*** Opening Dataset ***
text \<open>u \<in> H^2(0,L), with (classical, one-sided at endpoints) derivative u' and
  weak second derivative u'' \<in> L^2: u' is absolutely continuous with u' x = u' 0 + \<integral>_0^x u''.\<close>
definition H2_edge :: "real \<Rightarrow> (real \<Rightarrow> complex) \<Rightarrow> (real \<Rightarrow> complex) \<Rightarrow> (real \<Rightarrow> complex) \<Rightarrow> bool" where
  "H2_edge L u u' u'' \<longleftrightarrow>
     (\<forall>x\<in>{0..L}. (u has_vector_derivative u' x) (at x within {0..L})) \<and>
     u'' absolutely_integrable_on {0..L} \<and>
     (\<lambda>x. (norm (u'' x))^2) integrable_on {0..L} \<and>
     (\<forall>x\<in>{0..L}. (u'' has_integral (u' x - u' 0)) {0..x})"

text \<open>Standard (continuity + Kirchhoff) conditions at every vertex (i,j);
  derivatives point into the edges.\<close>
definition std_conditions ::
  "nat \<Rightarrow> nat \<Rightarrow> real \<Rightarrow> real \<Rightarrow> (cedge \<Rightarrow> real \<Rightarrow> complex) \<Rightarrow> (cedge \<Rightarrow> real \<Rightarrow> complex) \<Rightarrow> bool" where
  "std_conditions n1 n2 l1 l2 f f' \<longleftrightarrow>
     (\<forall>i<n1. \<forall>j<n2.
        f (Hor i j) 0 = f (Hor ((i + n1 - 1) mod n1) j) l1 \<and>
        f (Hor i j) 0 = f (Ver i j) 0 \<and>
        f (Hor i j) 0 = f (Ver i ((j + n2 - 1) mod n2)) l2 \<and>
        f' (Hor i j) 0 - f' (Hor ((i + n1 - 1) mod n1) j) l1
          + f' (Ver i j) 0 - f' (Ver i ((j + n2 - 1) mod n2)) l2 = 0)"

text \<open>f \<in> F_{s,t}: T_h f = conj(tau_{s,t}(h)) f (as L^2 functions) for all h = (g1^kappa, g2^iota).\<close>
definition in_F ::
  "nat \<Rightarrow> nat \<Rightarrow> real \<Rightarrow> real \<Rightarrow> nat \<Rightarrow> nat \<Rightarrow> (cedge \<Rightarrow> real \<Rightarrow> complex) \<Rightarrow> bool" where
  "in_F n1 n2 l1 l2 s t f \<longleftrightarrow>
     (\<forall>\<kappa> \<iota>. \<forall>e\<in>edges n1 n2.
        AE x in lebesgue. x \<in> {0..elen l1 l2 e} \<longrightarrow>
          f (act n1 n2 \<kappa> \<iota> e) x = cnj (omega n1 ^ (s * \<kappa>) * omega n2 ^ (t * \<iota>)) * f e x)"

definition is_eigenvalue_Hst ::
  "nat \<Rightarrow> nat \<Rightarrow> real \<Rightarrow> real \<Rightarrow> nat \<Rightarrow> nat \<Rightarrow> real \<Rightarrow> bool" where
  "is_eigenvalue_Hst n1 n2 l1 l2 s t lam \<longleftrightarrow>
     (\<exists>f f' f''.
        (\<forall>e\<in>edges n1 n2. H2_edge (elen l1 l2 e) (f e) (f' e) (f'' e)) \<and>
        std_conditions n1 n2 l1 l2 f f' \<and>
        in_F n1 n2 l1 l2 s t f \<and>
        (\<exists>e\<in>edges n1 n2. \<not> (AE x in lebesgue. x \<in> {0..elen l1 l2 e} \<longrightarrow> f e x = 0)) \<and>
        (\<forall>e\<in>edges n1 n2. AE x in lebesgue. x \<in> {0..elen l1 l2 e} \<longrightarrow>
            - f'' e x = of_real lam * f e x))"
*** Closing Dataset ***
About this task: Return, word for word, each line from the line that contains "f' (Hor i j)" to the end of the listing above; include both end lines and nothing else.

Task solution:
        f' (Hor i j) 0 - f' (Hor ((i + n1 - 1) mod n1) j) l1
          + f' (Ver i j) 0 - f' (Ver i ((j + n2 - 1) mod n2)) l2 = 0)"

text \<open>f \<in> F_{s,t}: T_h f = conj(tau_{s,t}(h)) f (as L^2 functions) for all h = (g1^kappa, g2^iota).\<close>
definition in_F ::
  "nat \<Rightarrow> nat \<Rightarrow> real \<Rightarrow> real \<Rightarrow> nat \<Rightarrow> nat \<Rightarrow> (cedge \<Rightarrow> real \<Rightarrow> complex) \<Rightarrow> bool" where
  "in_F n1 n2 l1 l2 s t f \<longleftrightarrow>
     (\<forall>\<kappa> \<iota>. \<forall>e\<in>edges n1 n2.
        AE x in lebesgue. x \<in> {0..elen l1 l2 e} \<longrightarrow>
          f (act n1 n2 \<kappa> \<iota> e) x = cnj (omega n1 ^ (s * \<kappa>) * omega n2 ^ (t * \<iota>)) * f e x)"

definition is_eigenvalue_Hst ::
  "nat \<Rightarrow> nat \<Rightarrow> real \<Rightarrow> real \<Rightarrow> nat \<Rightarrow> nat \<Rightarrow> real \<Rightarrow> bool" where
  "is_eigenvalue_Hst n1 n2 l1 l2 s t lam \<longleftrightarrow>
     (\<exists>f f' f''.
        (\<forall>e\<in>edges n1 n2. H2_edge (elen l1 l2 e) (f e) (f' e) (f'' e)) \<and>
        std_conditions n1 n2 l1 l2 f f' \<and>
        in_F n1 n2 l1 l2 s t f \<and>
        (\<exists>e\<in>edges n1 n2. \<not> (AE x in lebesgue. x \<in> {0..elen l1 l2 e} \<longrightarrow> f e x = 0)) \<and>
        (\<forall>e\<in>edges n1 n2. AE x in lebesgue. x \<in> {0..elen l1 l2 e} \<longrightarrow>
            - f'' e x = of_real lam * f e x))"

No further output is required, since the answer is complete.